_TASK PROMPT_
Your answer should be the complete set of entries, transcribed exactly.
*** Opening of DATA FOR REVIEW ***
(* Let $J\ge2$ be an integer. For $x\in\mathbb R^J$ put $x_{J+1}:=x_1$, $\min x:=\min\{x_1,\dots,x_J\}$, $\max x:=\max\{x_1,\dots,x_J\}$. Then $$\max_{\substack{x\in\mathbb R^J\setminus\{0\}\\ \min x\le0\le\max x}}\frac{|x|^2}{\sum_{j=1}^J(x_{j+1}-x_j)^2}=\max_{y\in\mathbb R^J\setminus\{0\}}\frac{|y|^2}{\sum_{j=1}^J(y_{j+1}-y_j)^2+(y_1+y_J)^2}=\frac{1}{2(1-\cos(\pi/J))},$$ where also $y_{J+1}:=y_1$.
   Context: $|x|$ denotes the Euclidean norm. *)

theory Defs
  imports Complex_Main
begin

text \<open>Vectors in R^J are represented as functions nat => real, of which only the
  coordinates 1..J are used. Cyclic successor index: J+1 is identified with 1.\<close>

definition cyc_succ :: "nat \<Rightarrow> nat \<Rightarrow> nat" where
  "cyc_succ J j = (if j = J then 1 else j + 1)"

definition sqnorm :: "nat \<Rightarrow> (nat \<Rightarrow> real) \<Rightarrow> real" where
  "sqnorm J x = (\<Sum>j=1..J. (x j)^2)"

definition cyc_energy :: "nat \<Rightarrow> (nat \<Rightarrow> real) \<Rightarrow> real" where
  "cyc_energy J x = (\<Sum>j=1..J. (x (cyc_succ J j) - x j)^2)"

definition nonzero_vec :: "nat \<Rightarrow> (nat \<Rightarrow> real) \<Rightarrow> bool" where
  "nonzero_vec J x = (\<exists>j\<in>{1..J}. x j \<noteq> 0)"

definition quot_set1 :: "nat \<Rightarrow> real set" where
  "quot_set1 J = {sqnorm J x / cyc_energy J x | x.
      nonzero_vec J x \<and> Min (x ` {1..J}) \<le> 0 \<and> 0 \<le> Max (x ` {1..J})}"

definition quot_set2 :: "nat \<Rightarrow> real set" where
  "quot_set2 J = {sqnorm J y / (cyc_energy J y + (y 1 + y J)^2) | y. nonzero_vec J y}"

definition is_max_of :: "real \<Rightarrow> real set \<Rightarrow> bool" where
  "is_max_of c S = (c \<in> S \<and> (\<forall>v\<in>S. v \<le> c))"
*** Close of DATA FOR REVIEW ***
_EXPECTED ANSWER_
(* Let $J\ge2$ be an integer. For $x\in\mathbb R^J$ put $x_{J+1}:=x_1$, $\min x:=\min\{x_1,\dots,x_J\}$, $\max x:=\max\{x_1,\dots,x_J\}$. Then $$\max_{\substack{x\in\mathbb R^J\setminus\{0\}\\ \min x\le0\le\max x}}\frac{|x|^2}{\sum_{j=1}^J(x_{j+1}-x_j)^2}=\max_{y\in\mathbb R^J\setminus\{0\}}\frac{|y|^2}{\sum_{j=1}^J(y_{j+1}-y_j)^2+(y_1+y_J)^2}=\frac{1}{2(1-\cos(\pi/J))},$$ where also $y_{J+1}:=y_1$.
   Context: $|x|$ denotes the Euclidean norm. *)

theory Defs
  imports Complex_Main
begin

text \<open>Vectors in R^J are represented as functions nat => real, of which only the
  coordinates 1..J are used. Cyclic successor index: J+1 is identified with 1.\<close>

definition cyc_succ :: "nat \<Rightarrow> nat \<Rightarrow> nat" where
  "cyc_succ J j = (if j = J then 1 else j + 1)"

definition sqnorm :: "nat \<Rightarrow> (nat \<Rightarrow> real) \<Rightarrow> real" where
  "sqnorm J x = (\<Sum>j=1..J. (x j)^2)"

definition cyc_energy :: "nat \<Rightarrow> (nat \<Rightarrow> real) \<Rightarrow> real" where
  "cyc_energy J x = (\<Sum>j=1..J. (x (cyc_succ J j) - x j)^2)"

definition nonzero_vec :: "nat \<Rightarrow> (nat \<Rightarrow> real) \<Rightarrow> bool" where
  "nonzero_vec J x = (\<exists>j\<in>{1..J}. x j \<noteq> 0)"

definition quot_set1 :: "nat \<Rightarrow> real set" where
  "quot_set1 J = {sqnorm J x / cyc_energy J x | x.
      nonzero_vec J x \<and> Min (x ` {1..J}) \<le> 0 \<and> 0 \<le> Max (x ` {1..J})}"

definition quot_set2 :: "nat \<Rightarrow> real set" where
  "quot_set2 J = {sqnorm J y / (cyc_energy J y + (y 1 + y J)^2) | y. nonzero_vec J y}"

definition is_max_of :: "real \<Rightarrow> real set \<Rightarrow> bool" where
  "is_max_of c S = (c \<in> S \<and> (\<forall>v\<in>S. v \<le> c))"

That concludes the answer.